Dalam dunia kuno itu, dengan setiap bangsa punya satu atau beberapa sosok insani yang agung dan akbar (mulai dari filsuf, guru kebijaksanaan, manusia perkasa, jenderal hingga raja dan kaisar), aretalogi disusun dengan sangat kaya dan mempesona dan menggerakkan sisi afektif manusia. Lewat aretalogi, sosok-sosok manusia agung diberi legitimasi sebagai dewa-dewi atau allah-allah besar, suatu praktek religiopolitik yang dinamakan deifikasi atau apotheosis.
Praktek ini pada zaman itu dan di dunia Yunani-Romawi lazim dilakukan dan tidak dinilai sebagai syirik sama sekali. Mengkritik, menolak dan melawan kekristenan di dunia modern dengan doktrin syirik tentu saja suatu anakronisme dan etnosentrisme yang serba semberono, salah sasaran.

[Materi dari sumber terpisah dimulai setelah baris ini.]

(* Let $G$ be a planar trivalent graph with a perfect matching $M$. If $G\setminus M$ (the graph with all vertices of $G$ and the edges not in $M$) contains a cycle with exactly $3$ edges, then $\langle G:M\rangle_2(1)=0$.
   Context: Graphs are finite and may have multiple edges; trivalent means every vertex has degree $3$. The $2$-factor polynomial $\langle G:M\rangle_2(z)\in\mathbb{Z}[z,z^{-1}]$ is defined as follows. Embed $G$ in the $2$-sphere. For a matching edge $e=uv$, let $\alpha,\beta$ be the other two edge-ends at $u$ and $\gamma,\delta$ the other two at $v$, labelled so that in a small disk around $e$ they appear in cyclic order $\alpha,\beta,\delta,\gamma$. The $0$-resolution at $e$ deletes $e,u,v$ and joins $\alpha$ to $\gamma$ and $\beta$ to $\delta$ by disjoint arcs; the $1$-resolution joins $\alpha$ to $\delta$ and $\beta$ to $\gamma$ by two arcs crossing once. For a state $s:M\to\{0,1\}$, resolving every matching edge accordingly yields $c(s)$ immersed closed curves, and $\langle G:M\rangle_2(z)=\sum_s(-z)^{|s|}(z+z^{-1})^{c(s)}$, where $|s|$ is the number of edges assigned $1$. This is independent of the chosen embedding. *)

theory Defs
  imports Complex_Main
begin

text \<open>A trivalent graph (multi-edges and loops allowed) embedded in an oriented surface is
  encoded as a combinatorial map (rotation system): a finite set D of darts (half-edges),
  a fixed-point-free involution iota pairing the two ends of each edge, and a rotation
  sigma whose cycles are the vertices (cyclic order of edge-ends around each vertex).\<close>

definition trivalent_map :: "'d set \<Rightarrow> ('d \<Rightarrow> 'd) \<Rightarrow> ('d \<Rightarrow> 'd) \<Rightarrow> bool" where
  "trivalent_map D iota sigma \<longleftrightarrow> finite D \<and>
     (\<forall>d\<in>D. iota d \<in> D \<and> iota d \<noteq> d \<and> iota (iota d) = d) \<and>
     (\<forall>d\<in>D. sigma d \<in> D \<and> sigma d \<noteq> d \<and> sigma (sigma (sigma d)) = d)"

definition orbit_of :: "('d \<Rightarrow> 'd) \<Rightarrow> 'd \<Rightarrow> 'd set" where
  "orbit_of f d = {(f ^^ n) d | n. True}"

definition orbits :: "('d \<Rightarrow> 'd) \<Rightarrow> 'd set \<Rightarrow> 'd set set" where
  "orbits f D = orbit_of f ` D"

text \<open>Vertices = sigma-orbits; faces = orbits of sigma o iota; connected components of the map.\<close>

definition map_components :: "'d set \<Rightarrow> ('d \<Rightarrow> 'd) \<Rightarrow> ('d \<Rightarrow> 'd) \<Rightarrow> 'd set set" where
  "map_components D iota sigma =
     D // (({(d, iota d) | d. d \<in> D} \<union> {(d, sigma d) | d. d \<in> D}
           \<union> {(iota d, d) | d. d \<in> D} \<union> {(sigma d, d) | d. d \<in> D})\<^sup>* \<inter> D \<times> D)"

text \<open>The embedding is spherical (genus 0 on every component) iff Euler's formula
  V - E + F = 2 holds for every connected component, i.e. summed: V - E + F = 2 C,
  with E = |D|/2.  Multiplied by 2 to stay in the integers.\<close>

definition planar_map :: "'d set \<Rightarrow> ('d \<Rightarrow> 'd) \<Rightarrow> ('d \<Rightarrow> 'd) \<Rightarrow> bool" where
  "planar_map D iota sigma \<longleftrightarrow>
     2 * int (card (orbits sigma D)) - int (card D) + 2 * int (card (orbits (sigma \<circ> iota) D))
       = 4 * int (card (map_components D iota sigma))"

text \<open>A perfect matching, given as the set Md of darts of matching edges:
  closed under iota, and every vertex carries exactly one matching dart.\<close>

definition perfect_matching :: "'d set \<Rightarrow> ('d \<Rightarrow> 'd) \<Rightarrow> ('d \<Rightarrow> 'd) \<Rightarrow> 'd set \<Rightarrow> bool" where
  "perfect_matching D iota sigma Md \<longleftrightarrow> Md \<subseteq> D \<and> (\<forall>d\<in>Md. iota d \<in> Md) \<and>
     (\<forall>d\<in>D. card ({d, sigma d, sigma (sigma d)} \<inter> Md) = 1)"

definition vertex_of :: "('d \<Rightarrow> 'd) \<Rightarrow> 'd \<Rightarrow> 'd set" where
  "vertex_of sigma d = {d, sigma d, sigma (sigma d)}"

definition matching_edges :: "('d \<Rightarrow> 'd) \<Rightarrow> 'd set \<Rightarrow> 'd set set" where
  "matching_edges iota Md = (\<lambda>d. {d, iota d}) ` Md"

definition has_triangle_off_matching ::
  "'d set \<Rightarrow> ('d \<Rightarrow> 'd) \<Rightarrow> ('d \<Rightarrow> 'd) \<Rightarrow> 'd set \<Rightarrow> bool" where
  "has_triangle_off_matching D iota sigma Md \<longleftrightarrow>
     (\<exists>d1 d2 d3. d1 \<in> D - Md \<and> d2 \<in> D - Md \<and> d3 \<in> D - Md \<and>
        d2 \<in> vertex_of sigma (iota d1) \<and> d3 \<in> vertex_of sigma (iota d2) \<and>
        d1 \<in> vertex_of sigma (iota d3) \<and>
        vertex_of sigma d1 \<noteq> vertex_of sigma d2 \<and>
        vertex_of sigma d2 \<noteq> vertex_of sigma d3 \<and>
        vertex_of sigma d1 \<noteq> vertex_of sigma d3)"

text \<open>Resolution of a state S (set of matching edges assigned 1).  For a matching dart d at
  u with iota d at v, the other ends are sigma d, sigma(sigma d) at u and
  sigma(iota d), sigma(sigma(iota d)) at v; in cyclic order around the edge they appear as
  alpha = sigma d, beta = sigma(sigma d), delta = sigma(iota d), gamma = sigma(sigma(iota d)).
  0-resolution: alpha-gamma, beta-delta; 1-resolution: alpha-delta, beta-gamma.
  The curves are the connected components of the non-matching darts under the edge
  pairing together with the resolution arcs.\<close>

definition resolution_rel ::
  "'d set \<Rightarrow> ('d \<Rightarrow> 'd) \<Rightarrow> ('d \<Rightarrow> 'd) \<Rightarrow> 'd set \<Rightarrow> 'd set set \<Rightarrow> ('d \<times> 'd) set" where
  "resolution_rel D iota sigma Md S =
     {(d, iota d) | d. d \<in> D - Md} \<union>
     {p. \<exists>d\<in>Md. if {d, iota d} \<in> S
          then p = (sigma d, sigma (iota d)) \<or> p = (sigma (sigma d), sigma (sigma (iota d)))
          else p = (sigma d, sigma (sigma (iota d))) \<or> p = (sigma (sigma d), sigma (iota d))}"

definition num_curves ::
  "'d set \<Rightarrow> ('d \<Rightarrow> 'd) \<Rightarrow> ('d \<Rightarrow> 'd) \<Rightarrow> 'd set \<Rightarrow> 'd set set \<Rightarrow> nat" where
  "num_curves D iota sigma Md S =
     (let R = resolution_rel D iota sigma Md S
      in card ((D - Md) // ((R \<union> R\<inverse>)\<^sup>* \<inter> (D - Md) \<times> (D - Md))))"

definition two_factor_poly ::
  "'d set \<Rightarrow> ('d \<Rightarrow> 'd) \<Rightarrow> ('d \<Rightarrow> 'd) \<Rightarrow> 'd set \<Rightarrow> real \<Rightarrow> real" where
  "two_factor_poly D iota sigma Md z =
     (\<Sum>S\<in>Pow (matching_edges iota Md).
        (- z) ^ card S * (z + inverse z) ^ num_curves D iota sigma Md S)"

end

theory Submission
  imports Defs "HOL-Library.Disjoint_Sets"
begin

text \<open>At z = 1 the weight of a state S is (-1)^|S| 2^c(S), and 2^c(S) counts the 2-colourings
  of the non-matching darts that are constant on every curve of the resolution.  Exchanging the
  two summations, it suffices to show that for each fixed colouring X the signed count of the
  states compatible with X vanishes.  This is trivial unless X is constant on every edge off the
  matching.  In that case two of the three edges of the triangle get the same colour; they meet
  at a vertex whose third edge e belongs to M, and because the two arcs of e on that side carry
  the same colour, the 0- and 1-resolution of e impose the same condition on X.  Toggling e is
  thus a sign-reversing involution on the compatible states.\<close>

definition saturated :: "('a \<times> 'a) set \<Rightarrow> 'a set \<Rightarrow> bool" where
  "saturated R X \<longleftrightarrow> (\<forall>(x, y)\<in>R. x \<in> X \<longleftrightarrow> y \<in> X)"

lemma saturated_empty [simp]: "saturated {} X"
  by (simp add: saturated_def)

lemma saturated_insert [simp]:
  "saturated (insert (x, y) R) X \<longleftrightarrow> (x \<in> X \<longleftrightarrow> y \<in> X) \<and> saturated R X"
  by (auto simp: saturated_def)

lemma saturated_Un [simp]: "saturated (R \<union> R') X \<longleftrightarrow> saturated R X \<and> saturated R' X"
  by (auto simp: saturated_def)

lemma saturated_UN [simp]: "saturated (\<Union>i\<in>I. R i) X \<longleftrightarrow> (\<forall>i\<in>I. saturated (R i) X)"
  by (auto simp: saturated_def)

lemma saturated_rtrancl:
  assumes "saturated R X" and "(x, y) \<in> (R \<union> R\<inverse>)\<^sup>*"
  shows "x \<in> X \<longleftrightarrow> y \<in> X"
  using assms(2)
proof (induction rule: rtrancl_induct)
  case (step y z)
  with assms(1) show ?case by (auto simp: saturated_def)
qed simp

lemma equiv_rtrancl_sym_closure:
  assumes "R \<subseteq> N \<times> N"
  shows "equiv N ((R \<union> R\<inverse>)\<^sup>* \<inter> N \<times> N)"
proof -
  have "sym ((R \<union> R\<inverse>)\<^sup>*)"
    by (rule sym_rtrancl[OF sym_Un_converse])
  then show ?thesis
    unfolding equiv_def refl_on_def sym_def trans_def by (auto intro: rtrancl_trans)
qed

lemma quotient_subset_eq_classes_below_Union:
  assumes "equiv N r" and "Q \<subseteq> N // r"
  shows "{C \<in> N // r. C \<subseteq> \<Union>Q} = Q"
proof (intro equalityI subsetI)
  fix C assume "C \<in> {C \<in> N // r. C \<subseteq> \<Union>Q}"
  then have C: "C \<in> N // r" "C \<subseteq> \<Union>Q" by auto
  obtain x where "x \<in> C"
    using in_quotient_imp_non_empty[OF assms(1) C(1)] by blast
  with C(2) obtain C' where "C' \<in> Q" "x \<in> C'" by blast
  with assms C(1) \<open>x \<in> C\<close> have "C = C'"
    using quotient_disj by blast
  with \<open>C' \<in> Q\<close> show "C \<in> Q" by simp
qed (use assms(2) in auto)

lemma saturated_subsets_eq_Unions_of_classes:
  assumes "R \<subseteq> N \<times> N"
  defines "r \<equiv> (R \<union> R\<inverse>)\<^sup>* \<inter> N \<times> N"
  shows "{X \<in> Pow N. saturated R X} = Union ` Pow (N // r)"
proof (intro equalityI subsetI)
  fix X assume "X \<in> {X \<in> Pow N. saturated R X}"
  then have X: "X \<subseteq> N" "saturated R X" by auto
  have "r `` {x} \<subseteq> X" if "x \<in> X" for x
    using saturated_rtrancl[OF X(2)] that by (auto simp: r_def)
  moreover have "x \<in> r `` {x}" if "x \<in> X" for x
    using X(1) that by (auto simp: r_def)
  ultimately have "X = \<Union>((\<lambda>x. r `` {x}) ` X)" by blast
  moreover have "(\<lambda>x. r `` {x}) ` X \<in> Pow (N // r)"
    using X(1) by (auto intro: quotientI)
  ultimately show "X \<in> Union ` Pow (N // r)" by blast
next
  have eq: "equiv N r"
    unfolding r_def by (rule equiv_rtrancl_sym_closure[OF assms(1)])
  fix Y assume "Y \<in> Union ` Pow (N // r)"
  then obtain Q where Q: "Q \<subseteq> N // r" and Y: "Y = \<Union>Q" by auto
  have "(x, y) \<in> r" "(y, x) \<in> r" if "(x, y) \<in> R" for x y
    using that assms(1) by (auto simp: r_def)
  then have "saturated R Y"
    unfolding saturated_def Y using Q in_quotient_imp_closed[OF eq] by blast
  moreover have "Y \<subseteq> N"
    using Q Y in_quotient_imp_subset[OF eq] by blast
  ultimately show "Y \<in> {X \<in> Pow N. saturated R X}" by simp
qed

lemma card_saturated_subsets:
  assumes "finite N" and "R \<subseteq> N \<times> N"
  shows "card {X \<in> Pow N. saturated R X} = 2 ^ card (N // ((R \<union> R\<inverse>)\<^sup>* \<inter> N \<times> N))"
proof -
  define r where "r = (R \<union> R\<inverse>)\<^sup>* \<inter> N \<times> N"
  have eq: "equiv N r"
    unfolding r_def by (rule equiv_rtrancl_sym_closure[OF assms(2)])
  have "inj_on Union (Pow (N // r))"
    by (rule inj_onI) (metis PowD quotient_subset_eq_classes_below_Union[OF eq])
  then have "card (Union ` Pow (N // r)) = card (Pow (N // r))"
    by (rule card_image)
  also have "\<dots> = 2 ^ card (N // r)"
    using assms(1) by (simp add: card_Pow finite_quotient r_def)
  finally show ?thesis
    using saturated_subsets_eq_Unions_of_classes[OF assms(2)] by (simp add: r_def)
qed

Ada sekian syarat dan prosedur yang harus dipenuhi sebelum suatu sosok insani besar resmi dideifikasi dan diberi status Dewa atau Allah.
Tentu saja, aretalogi bukan sastra sejarah; di dalamnya, sejarah dan mitos atau teologi dicampur, fakta dan kisah teologis digabung; sudah sulit untuk memisahkan keduanya, tetapi bisa dilakukan lewat kajian-kajian kritis sejarah dan sastra. Penyusunan aretalogi dan praktek apotheosis berlangsung dalam suatu kompetisi religiopolitik yang pada akhirnya dapat melahirkan agama-agama baru yang diterima. Ingat, di zaman kuno sekularisasi belum dikenal dan tidak dipraktekkan. Agama ya politik dan politik ya agama.
Dalam abad ke-21 ini tentu saja nyaris semua bentuk dan aliran kekristenan yang ada dalam dunia modern tidak akan ceroboh dan petantang-petenteng untuk dengan naif mengganti semua sistem politik modern yang dikenal sebagai demokrasi dengan teokrasi Kristen yang tentu saja juga akan tidak satu bentuk.
Karena pengagungan dan penyembahan yang dilakukan gereja-gereja perdana terhadap Yesus, sosok yang sebetulnya dilahirkan di Nazareth ini, kota yang sama sekali tidak penting, diubah, lewat berbagai aretalogi (dalam Perjanjian Baru maupun di luarnya), menjadi sosok religiopolitis yang dilahirkan di kota Raja Daud, kota Bethlehem, kota yang disucikan dan diagungkan sebagai kota asal sang Messias Yahudi sejati mana pun. Sebutan “Yesus orang Nazareth” adalah sebuah petunjuk kuat bahwa Yesus dilahirkan di Nazareth, bukan di Bethlehem.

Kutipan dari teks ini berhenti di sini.